Small and Large Partners
As mentioned earlier, we have hundreds of partners, each with unique characteristics and requirements. This uniqueness also affects anomaly detection. For larger partners, we often monitor results in real-time or close to real-time, sending direct warning messages to the responsible team if anything suspicious occurs. These partners typically provide good data, including long time series with numerous data points, enabling us to predict expected traffic and revenue with relative ease. Issues with these partners can have a significant impact on trivago. Consequently, we have implemented 24/7 monitoring tools to keep track of their performance. This level of monitoring is possible due to the abundance of data and our extensive experiences with these partners.

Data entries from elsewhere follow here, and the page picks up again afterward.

theorem mainTheorem12:
  fixes n i x y :: nat
  assumes "1 \<le> n" and "x < 3" and "y < 3" and "x \<noteq> y" and "i < 2 ^ n"
  shows "(\<exists>!w. on_geodesic n (replicate n x) (replicate n y) i w) \<and>
         on_geodesic n (replicate n x) (replicate n y) i
           (rev (transOH x y (rev (grayM n ! i))))"
proof -
  note geodesic = on_geodesic_perfect_iff[OF assms(2-4)]
  have on_geodesic: "on_geodesic n (replicate n x) (replicate n y) i (gray_config n x y i)"
    using gray_config_props[OF assms(2-5)] assms(5) unfolding geodesic by simp
  have unique: "w = gray_config n x y i"
    if "on_geodesic n (replicate n x) (replicate n y) i w" for w
  proof -
    have w: "w \<in> hverts n" and "dist_perfect w x = i"
      and sum: "dist_perfect w x + dist_perfect w y = 2 ^ n - 1"
      using that unfolding geodesic by auto
    then show ?thesis
      using gray_config_unique[OF w assms(2-4) sum] by simp
  qed
  have "\<exists>!w. on_geodesic n (replicate n x) (replicate n y) i w"
    using on_geodesic unique by (rule ex1I)
  then show ?thesis
    using on_geodesic unfolding gray_config_def by (rule conjI)
qed

end
lemma measure_near_square_set_ge:
  fixes k n p y0 y1 :: real
  assumes n: "1 \<le> n" and p: "0 < p" "p \<le> 1/2"
    and bottom: "0 \<le> k + n ^ 2 * y0" and top: "k + n ^ 2 * y1 \<le> 2 * n ^ 2"
    and long: "24 \<le> n * (y1 - y0)"
  shows "(y1 - y0) * p / (2 * n) \<le> measure lborel (near_square_set k n p y0 y1)"
proof -
  define U where "U = k + n ^ 2 * y0 + p"
  define V where "V = k + n ^ 2 * y1 - p"
  define C where "C = {c::nat. U \<le> real c ^ 2 \<and> real c ^ 2 \<le> V}"
  have "24 \<le> n * (n * (y1 - y0))"
    using long n mult_mono[of 1 n 24 "n * (y1 - y0)"] by simp
  then have VU: "V - U = n ^ 2 * (y1 - y0) - 2 * p" "24 \<le> n ^ 2 * (y1 - y0)"
    by (simp_all add: U_def V_def algebra_simps power2_eq_square)
  have U: "0 \<le> U" "U \<le> V" using bottom p VU by (simp_all add: U_def)
  have "sqrt 2 \<le> 3 / 2" by (subst real_sqrt_le_iff') (simp_all add: power2_eq_square)
  then have "sqrt (2 * n ^ 2) \<le> 3 / 2 * n" using n by (simp add: real_sqrt_mult)
  moreover have "sqrt V \<le> sqrt (2 * n ^ 2)" using top p by (simp add: V_def)
  ultimately have "sqrt V \<le> 3 / 2 * n" by linarith
  from card_nat_squares_between_ge[OF U this]
  have "(V - U) / (3 * n) - 1 \<le> card C" by (simp add: C_def)
  moreover have "(V - U) / (3 * n) \<ge> n * (y1 - y0) / 3 - 1"
    using VU n p by (simp add: field_simps power2_eq_square)
  ultimately have card: "n * (y1 - y0) / 4 \<le> card C" using long by linarith
  have "(y1 - y0) * p / (2 * n) = n * (y1 - y0) / 4 * (2 * p / n ^ 2)"
    using n by (simp add: field_simps power2_eq_square)
  also have "\<dots> \<le> card C * (2 * p / n ^ 2)"
    using card p by (intro mult_right_mono) auto
  also have "\<dots> = measure lborel (\<Union>c\<in>C. near_square_interval k n p c)"
    using measure_UN_near_square_interval[of n p C k] n p U
    by (simp add: C_def nat_squares_between_eq)
  also have "\<dots> \<le> measure lborel (near_square_set k n p y0 y1)"
    using n UN_near_square_interval_subset[of n k p y0 y1]
    by (intro measure_mono_fmeasurable near_square_set_fmeasurable) (auto simp: C_def U_def V_def)
  finally show ?thesis .
qed
lemma chernoff_upper_tail:
  fixes q X :: "nat \<Rightarrow> real"
  assumes q: "\<forall>k<m. 0 \<le> q k" "(\<Sum>k<m. q k) = 1" and X: "\<forall>k<m. \<bar>X k\<bar> \<le> 1"
    and eps: "0 < \<epsilon>" "\<epsilon> \<le> 1"
  shows "(\<Sum>xs\<in>outcome_seqs T m. if real T * \<epsilon> \<le> (\<Sum>t<T. X (xs ! t)) - real T * (\<Sum>k<m. q k * X k)
            then \<Prod>t<T. q (xs ! t) else 0) \<le> exp (- real T * \<epsilon>^2 / 16)"
proof -
  define \<mu> where "\<mu> = (\<Sum>k<m. q k * X k)"
  define l where "l = \<epsilon> / 8"
  define g where "g k = q k * exp (l * (X k - \<mu>))" for k
  have l: "0 < l" "l \<le> 1/2" using eps by (simp_all add: l_def)
  text \<open>Chernoff: the indicator of \<open>S - T\<mu> \<ge> T\<epsilon>\<close> is at most \<open>exp (l (S - T\<mu> - T\<epsilon>))\<close>.\<close>
  have markov: "(if real T * \<epsilon> \<le> (\<Sum>t<T. X (xs ! t)) - real T * \<mu> then \<Prod>t<T. q (xs ! t) else 0)
        \<le> exp (- l * T * \<epsilon>) * (\<Prod>t<T. g (xs ! t))" if xs: "xs \<in> outcome_seqs T m" for xs
  proof -
    have "0 \<le> (\<Prod>t<T. q (xs ! t))" using q outcome_seqs_nth_less[OF xs] by (intro prod_nonneg) auto
    moreover have "exp (- l * T * \<epsilon>) * (\<Prod>t<T. g (xs ! t))
        = (\<Prod>t<T. q (xs ! t)) * exp (l * ((\<Sum>t<T. X (xs ! t)) - real T * \<mu> - real T * \<epsilon>))"
      unfolding g_def prod.distrib exp_sum[symmetric, OF finite_lessThan]
      by (simp add: sum_distrib_left sum_subtractf algebra_simps flip: exp_add)
    ultimately show ?thesis using l by (simp add: mult_le_cancel_left1)
  qed
  have "(\<Sum>xs\<in>outcome_seqs T m. if real T * \<epsilon> \<le> (\<Sum>t<T. X (xs ! t)) - real T * \<mu> then \<Prod>t<T. q (xs ! t) else 0)
      \<le> (\<Sum>xs\<in>outcome_seqs T m. exp (- l * T * \<epsilon>) * (\<Prod>t<T. g (xs ! t)))"
    by (rule sum_mono) (rule markov)
  also have "\<dots> = exp (- l * T * \<epsilon>) * (\<Sum>k<m. g k)^T"
    by (simp add: sum_distrib_left[symmetric] sum_outcome_seqs_prod)
  also have "\<dots> \<le> exp (- l * T * \<epsilon>) * exp (4 * l^2)^T"
    using centred_mgf_bound[OF q X] l q unfolding g_def \<mu>_def
    by (intro mult_left_mono power_mono) (auto intro: sum_nonneg)
  also have "\<dots> = exp (- real T * \<epsilon>^2 / 16)"
    unfolding l_def by (simp add: exp_of_nat_mult[symmetric] mult_exp_exp power2_eq_square field_simps)
  finally show ?thesis unfolding \<mu>_def .
qed

lemma chernoff_two_sided:
  fixes q X :: "nat \<Rightarrow> real"
  assumes q: "\<forall>k<m. 0 \<le> q k" "(\<Sum>k<m. q k) = 1" and X: "\<forall>k<m. \<bar>X k\<bar> \<le> 1"
    and eps: "0 < \<epsilon>" "\<epsilon> \<le> 1"
  shows "(\<Sum>xs\<in>outcome_seqs T m. if real T * \<epsilon> \<le> \<bar>(\<Sum>t<T. X (xs ! t)) - real T * (\<Sum>k<m. q k * X k)\<bar>
            then \<Prod>t<T. q (xs ! t) else 0) \<le> 2 * exp (- real T * \<epsilon>^2 / 16)"
proof -
  define pr where "pr xs = (\<Prod>t<T. q (xs ! t))" for xs
  define dev where "dev xs = (\<Sum>t<T. X (xs ! t)) - real T * (\<Sum>k<m. q k * X k)" for xs
  have "\<forall>k<m. \<bar>- X k\<bar> \<le> 1" using X by simp
  note upper = chernoff_upper_tail[OF q X eps, of T] and lower = chernoff_upper_tail[OF q this eps, of T]
  have "(if real T * \<epsilon> \<le> \<bar>dev xs\<bar> then pr xs else 0)
      \<le> (if real T * \<epsilon> \<le> dev xs then pr xs else 0) + (if real T * \<epsilon> \<le> - dev xs then pr xs else 0)"
    if "xs \<in> outcome_seqs T m" for xs
    using q outcome_seqs_nth_less[OF that] prod_nonneg[of "{..<T}" "\<lambda>t. q (xs ! t)"]
    unfolding pr_def by auto
  moreover have "- dev xs = (\<Sum>t<T. - X (xs ! t)) - real T * (\<Sum>k<m. q k * - X k)" for xs
    unfolding dev_def by (simp add: sum_negf)
  ultimately have "(\<Sum>xs\<in>outcome_seqs T m. if real T * \<epsilon> \<le> \<bar>dev xs\<bar> then pr xs else 0)
      \<le> (\<Sum>xs\<in>outcome_seqs T m. if real T * \<epsilon> \<le> dev xs then pr xs else 0)
        + (\<Sum>xs\<in>outcome_seqs T m. if real T * \<epsilon> \<le> (\<Sum>t<T. - X (xs ! t)) - real T * (\<Sum>k<m. q k * - X k)
            then pr xs else 0)"
    by (simp add: sum_mono flip: sum.distrib)
  also have "\<dots> \<le> exp (- real T * \<epsilon>^2 / 16) + exp (- real T * \<epsilon>^2 / 16)"
    unfolding pr_def dev_def by (rule add_mono[OF upper lower])
  finally show ?thesis unfolding pr_def dev_def by simp
qed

However, we also work with smaller or newer partners, such as startups, who frequently make rapid changes to their products compared to larger partners. For these partners, our time series data is much shorter, and there is greater deviation (see picture), making it challenging to accurately predict expected traffic and revenue. In the other words, data input for anomaly detection is not good enough. Nevertheless, these partners play a vital role in our business, and their significance to our users is even greater. Therefore, we need to include them in our anomaly detection efforts. These partners often send us data more frequently but with delays (detectable through anomaly detection) or multiple times (also detectable through anomaly detection). For such cases, a 24/7 solution is not practical. Instead, we have implemented various processes tailored to small partners. These processes involve providing customized support and generating reports automatically once we have accumulated sufficient data per partner. The time step for analysis is not fixed (such as minutes, hours, or days) but dynamically defined for each individual small partner. Based on the observations from those reports, we make decisions about the next steps individually per partner (there are not too many small partners who meet all conditions) to achieve better cooperation (and especially more accurate data). This approach deviates significantly from the mathematical definition of anomaly detection and is more aligned with partner care work. It requires close cooperation with other teams within trivago and beyond the realm of data science, as well as with our partners. The direct impact of this process is improved data quality and a broader selection of rates on trivago. This aspect of data science revolves mostly around storytelling, and it is beautiful because it provides us with insights from different perspectives and enhances trust in our product both internally and externally.
Takeaways and Lessons Learned
Today, we have a wide range of tools at our disposal to implement advanced mathematical models for anomaly detection. However, the significant challenge lies in setting up and designing the steps to be taken once an anomaly is detected. Sometimes, no action is required other than labelling the anomaly as non-serious or not an anomaly. Other times, we may need to adjust our mathematical model or conduct in-depth investigations outside our databases to understand the root cause and establish future processes. The development of anomaly detection at trivago is an ongoing process that continually adapts to new business and technical changes. It is never truly complete. I find this process intriguing and enjoyable.